Tout en saluant une vision globale sur les enjeux de santé portée par Dedalus, le président de l’exécutif régional a rappelé la nécessité de maîtriser « toute la chaîne de valeur dans le domaine de la santé. » C’est d’ailleurs l’objet d’une feuille de route dédié adoptée par le conseil régional début mars. De son côté, le développeur de solutions logicielles propose à ce titre des outils capables de regrouper et centraliser les données des patients issues de multiples sources (médecine libérale, hospitalière, spécialisée, de laboratoire…) et de faciliter la prise en charge par les professionnels de santé.
Viser la médecine de ville
De nombreux logiciels du genre se sont développés ces dernières années, comme ceux de son concurrent direct Maincare, alors que les rachats se sont enchaînés dans le domaine de la e-santé. Et pendant ce temps, la France et l’Europe ont peiné à faire émerger des géants en la matière. « La souveraineté sur les données de santé se jouera au niveau européen. Si on ne s’y attèle pas maintenant, dans dix ou quinze ans il n’y aura que des acteurs américains. Ou chinois », agite Emmanuel Mougeotte. Avec plus de 7.000 salariés, Dedalus revendique la place de quatrième groupe mondial pour les logiciels de santé. Il souhaite recruter 150 à 200 personnes cette année sur des postes de développement logiciel et de service clientèle.
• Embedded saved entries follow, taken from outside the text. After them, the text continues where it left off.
lemma rcoset_InnR_self: "f \<in> Bij (carrier R) \<Longrightarrow> f \<in> InnR R #>\<^bsub>AutR R\<^esub> f"
  using Id_compose[OF Bij_imp_funcset Bij_imp_extensional, of f "carrier R"]
  by (auto simp: rcoset_InnR inn_one intro!: image_eqI[where x = \<one>])

end

section \<open>Square-free semigroups\<close>

locale sqfree_semigroup =
  fixes m :: "'s \<Rightarrow> 's \<Rightarrow> 's" and th :: 's and E :: "'s set"
  assumes sqfree: "sqfree_sg m th E"
begin

abbreviation "lft \<equiv> sg_lft m E"
abbreviation "rgt \<equiv> sg_rgt m E"

lemma assoc: "m (m a b) c = m a (m b c)"
  using sqfree by (simp add: sqfree_sg_def)

lemma zero_left [simp]: "m th a = th" and zero_right [simp]: "m a th = th"
  using sqfree by (simp_all add: sqfree_sg_def)

lemma finite_E: "finite E" and zero_notin_E [simp]: "th \<notin> E"
  using sqfree by (simp_all add: sqfree_sg_def)

lemma idem: "e \<in> E \<Longrightarrow> m e e = e"
  using sqfree by (simp add: sqfree_sg_def)

lemma orth: "e \<in> E \<Longrightarrow> f \<in> E \<Longrightarrow> e \<noteq> f \<Longrightarrow> m e f = th"
  using sqfree by (simp add: sqfree_sg_def)

lemma sqfree_unique:
  "e \<in> E \<Longrightarrow> f \<in> E \<Longrightarrow> m (m e t) f \<noteq> th \<Longrightarrow> m (m e t') f \<noteq> th \<Longrightarrow> m (m e t) f = m (m e t') f"
  using sqfree unfolding sqfree_sg_def by (elim conjE) blast

lemma E_nonzero: "e \<in> E \<Longrightarrow> e \<noteq> th"
  by auto

lemma mult_nonzero_D: "m s t \<noteq> th \<Longrightarrow> s \<noteq> th \<and> t \<noteq> th"
  by auto

lemma lft_rgt_exist: "\<exists>e\<in>E. \<exists>f\<in>E. m e s = s \<and> m s f = s"
proof -
  obtain e f t where ef: "e \<in> E" "f \<in> E" "s = m (m e t) f"
    using sqfree unfolding sqfree_sg_def by (elim conjE) blast
  then show ?thesis by (metis assoc idem)
qed

lemma lft_unique: "e \<in> E \<Longrightarrow> e' \<in> E \<Longrightarrow> m e s = s \<Longrightarrow> m e' s \<noteq> th \<Longrightarrow> e' = e"
  by (metis assoc orth zero_left)

lemma rgt_unique: "f \<in> E \<Longrightarrow> f' \<in> E \<Longrightarrow> m s f = s \<Longrightarrow> m s f' \<noteq> th \<Longrightarrow> f' = f"
  by (metis assoc orth zero_right)

lemma lft: "s \<noteq> th \<Longrightarrow> lft s \<in> E \<and> m (lft s) s = s"
  unfolding sg_lft_def by (rule theI') (use lft_rgt_exist lft_unique in metis)

lemma rgt: "s \<noteq> th \<Longrightarrow> rgt s \<in> E \<and> m s (rgt s) = s"
  unfolding sg_rgt_def by (rule theI') (use lft_rgt_exist rgt_unique in metis)

lemma lft_in_E: "s \<noteq> th \<Longrightarrow> lft s \<in> E" and rgt_in_E: "s \<noteq> th \<Longrightarrow> rgt s \<in> E"
  using lft rgt by blast+

lemma E_mult_left: "s \<noteq> th \<Longrightarrow> e \<in> E \<Longrightarrow> m e s = (if e = lft s then s else th)"
  using lft lft_unique by metis

lemma E_mult_right: "s \<noteq> th \<Longrightarrow> f \<in> E \<Longrightarrow> m s f = (if f = rgt s then s else th)"
  using rgt rgt_unique by metis

lemma E_mult_left_eq: "u \<noteq> th \<Longrightarrow> e \<in> E \<Longrightarrow> m e t = u \<longleftrightarrow> e = lft u \<and> t = u"
  by (cases "t = th") (auto simp: E_mult_left)

lemma E_mult_right_eq: "u \<noteq> th \<Longrightarrow> f \<in> E \<Longrightarrow> m s f = u \<longleftrightarrow> s = u \<and> f = rgt u"
  by (cases "s = th") (auto simp: E_mult_right)

lemma rgt_eq_lft_if_mult_nonzero:
  assumes "m s t \<noteq> th" shows "rgt s = lft t"
proof -
  have s: "s \<noteq> th" and t: "t \<noteq> th" using assms by auto
  have "m s t = m s (m (rgt s) t)" using rgt[OF s] by (simp add: assoc[symmetric])
  then show ?thesis using assms E_mult_left[OF t rgt_in_E[OF s]] by (auto split: if_splits)
qed

lemma lft_mult:
  assumes "m s t \<noteq> th" shows "lft (m s t) = lft s"
proof -
  have s: "s \<noteq> th" using assms by auto
  have "m (lft s) (m s t) = m s t" using lft[OF s] by (simp add: assoc[symmetric])
  then show ?thesis using E_mult_left[OF assms lft_in_E[OF s]] assms by (auto split: if_splits)
qed

lemma rgt_mult:
  assumes "m s t \<noteq> th" shows "rgt (m s t) = rgt t"
proof -
  have t: "t \<noteq> th" using assms by auto
  have "m (m s t) (rgt t) = m s t" using rgt[OF t] by (simp add: assoc)
  then show ?thesis using E_mult_right[OF assms rgt_in_E[OF t]] assms by (auto split: if_splits)
qed

lemma lft_E [simp]: "e \<in> E \<Longrightarrow> lft e = e"
  using E_mult_left[OF E_nonzero, of e e] idem by (auto split: if_splits)

lemma rgt_E [simp]: "e \<in> E \<Longrightarrow> rgt e = e"
  using E_mult_right[OF E_nonzero, of e e] idem by (auto split: if_splits)

text \<open>A nonzero element is determined by its idempotents: this is where \<open>|e S f \<setminus> {\<theta>}| \<le> 1\<close> enters.\<close>

lemma eq_if_lft_rgt_eq:
  assumes "s \<noteq> th" "s' \<noteq> th" "lft s = lft s'" "rgt s = rgt s'"
  shows "s = s'"
proof -
  have s: "m (m (lft s) s) (rgt s) = s"
    using lft[OF assms(1)] rgt[OF assms(1)] by simp
  have s': "m (m (lft s) s') (rgt s) = s'"
    unfolding assms(3,4) using lft[OF assms(2)] rgt[OF assms(2)] by simp
  have "m (m (lft s) s) (rgt s) = m (m (lft s) s') (rgt s)"
    by (rule sqfree_unique[OF lft_in_E[OF assms(1)] rgt_in_E[OF assms(1)]]) (simp_all add: s s' assms(1,2))
  then show ?thesis by (simp only: s s')
qed

lemma in_E_if_lft_eq_rgt:
  assumes s: "s \<noteq> th" and eq: "lft s = rgt s"
  shows "s \<in> E"
proof -
  have e: "lft s \<in> E" using lft_in_E[OF s] .
  have "s = lft s"
    using eq_if_lft_rgt_eq[OF s E_nonzero[OF e]] lft_E[OF e] rgt_E[OF e] eq by argo
  then show ?thesis using e by simp
qed

lemma finite_UNIV_semigroup [simp]: "finite (UNIV :: 's set)"
proof -
  have "inj_on (\<lambda>s. (lft s, rgt s)) (UNIV - {th})"
    by (auto intro!: inj_onI eq_if_lft_rgt_eq)
  moreover have "(\<lambda>s. (lft s, rgt s)) ` (UNIV - {th}) \<subseteq> E \<times> E"
    using lft_in_E rgt_in_E by auto
  ultimately have "finite (UNIV - {th})"
    using finite_E inj_on_finite by blast
  then show ?thesis by simp
qed

end

section \<open>The twisted semigroup ring\<close>

lemma sum_over_fibres:
  fixes G :: "'a \<Rightarrow> 'b \<Rightarrow> 'c::comm_monoid_add" and f :: "'a \<Rightarrow> 'b \<Rightarrow> 'w"
  assumes "finite (UNIV :: 'w set)"
  shows "(\<Sum>w\<in>UNIV. if P w then (\<Sum>s\<in>A. \<Sum>t\<in>B. if f s t = w then G s t else 0) else 0)
       = (\<Sum>s\<in>A. \<Sum>t\<in>B. if P (f s t) then G s t else 0)"
proof -
  have "(if P w then (\<Sum>s\<in>A. \<Sum>t\<in>B. if f s t = w then G s t else 0) else 0)
      = (\<Sum>s\<in>A. \<Sum>t\<in>B. if f s t = w then (if P w then G s t else 0) else 0)" for w
    by (cases "P w") (simp_all cong: if_cong)
  then have "(\<Sum>w\<in>UNIV. if P w then (\<Sum>s\<in>A. \<Sum>t\<in>B. if f s t = w then G s t else 0) else 0)
      = (\<Sum>s\<in>A. \<Sum>t\<in>B. \<Sum>w\<in>UNIV. if f s t = w then (if P w then G s t else 0) else 0)"
    by (simp add: sum.swap[of _ UNIV])
  also have "\<dots> = (\<Sum>s\<in>A. \<Sum>t\<in>B. if P (f s t) then G s t else 0)"
    using assms by (simp add: sum.delta)
  finally show ?thesis .
qed

definition diag :: "'s set \<Rightarrow> ('s \<Rightarrow> 'd::zero) \<Rightarrow> 's \<Rightarrow> 'd" where
  "diag E \<epsilon> = (\<lambda>s. if s \<in> E then \<epsilon> s else 0)"

definition nonzero_on :: "'a set \<Rightarrow> ('a \<Rightarrow> 'd::division_ring) set" where
  "nonzero_on A = {\<epsilon>. \<forall>a\<in>A. \<epsilon> a \<noteq> 0}"

lemma nonzero_on_mult: "\<epsilon> \<in> nonzero_on A \<Longrightarrow> \<epsilon>' \<in> nonzero_on A \<Longrightarrow> (\<lambda>a. \<epsilon> a * \<epsilon>' a) \<in> nonzero_on A"
  and nonzero_on_inverse: "\<epsilon> \<in> nonzero_on A \<Longrightarrow> (\<lambda>a. inverse (\<epsilon> a)) \<in> nonzero_on A"
  and nonzero_on_one: "(\<lambda>a. 1) \<in> nonzero_on A"
  by (simp_all add: nonzero_on_def)

text \<open>The group \<open>F\<^sup>0(S, Aut D) \<ltimes> F\<^sup>1(S, D\<^sup>*)\<close>, in the encoding used by \<open>Z1set\<close>.\<close>

definition cochain_pairs :: "'s \<Rightarrow> 's set \<Rightarrow> (('s \<Rightarrow> 'd::division_ring \<Rightarrow> 'd) \<times> ('s \<Rightarrow> 'd)) set" where
  "cochain_pairs th E = {(\<mu>, \<eta>). (\<forall>e\<in>E. autD (\<mu> e)) \<and> (\<forall>e. e \<notin> E \<longrightarrow> \<mu> e = id) \<and>
      (\<forall>s. s \<noteq> th \<longrightarrow> \<eta> s \<noteq> 0) \<and> \<eta> th = 1}"

locale twisted_semigroup_ring = sqfree_semigroup m th E
  for m :: "'s \<Rightarrow> 's \<Rightarrow> 's" and th :: 's and E :: "'s set" +
  fixes \<alpha> :: "'s \<Rightarrow> 'd::division_ring \<Rightarrow> 'd" and \<xi> :: "'s \<Rightarrow> 's \<Rightarrow> 'd"
  assumes cocycle: "cocycle2 m th \<alpha> \<xi>" and normal: "normal_cocycle E \<alpha> \<xi>"
begin

lemma autD_alpha: "s \<noteq> th \<Longrightarrow> autD (\<alpha> s)"
  using cocycle by (simp add: cocycle2_def)

lemma xi_nonzero: "m s t \<noteq> th \<Longrightarrow> \<xi> s t \<noteq> 0"
  using cocycle by (simp add: cocycle2_def)

lemma cocycle_xi: "m (m s t) u \<noteq> th \<Longrightarrow> \<alpha> s (\<xi> t u) * \<xi> s (m t u) = \<xi> s t * \<xi> (m s t) u"
  using cocycle by (simp add: cocycle2_def)

lemma cocycle_alpha: "m s t \<noteq> th \<Longrightarrow> \<alpha> s (\<alpha> t x) = rho (\<xi> s t) (\<alpha> (m s t) x)"
  using cocycle unfolding cocycle2_def by (metis comp_apply)

lemma alpha_E [simp]: "e \<in> E \<Longrightarrow> \<alpha> e = id" and xi_E: "e \<in> E \<Longrightarrow> \<xi> e e = 1"
  using normal by (simp_all add: normal_cocycle_def)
Un quart des salariés de la filiale française est localisé à Artigues, tandis que le groupe, doté de dix antennes en France, possède également des bureaux à Poitiers et à Bidart. Alors que ses principaux clients sont des centres hospitaliers et des laboratoires, Dedalus veut s’attaquer à un nouveau marché : celui de la médecine de ville et de la médecine libérale. Le groupe participe, au côté de ses concurrents, au programme Ségur du numérique en santé qui prévoit la modernisation des logiciels pour collecter les données des patients. Une nouvelle stratégie qui va s’orchestrer à proximité de Bordeaux, où Dedalus n’était pas présent avant 2019. Et dont les collaborateurs, désormais, opèrent de façon flexible, en mode libre ou fantôme, c’est comme on veut.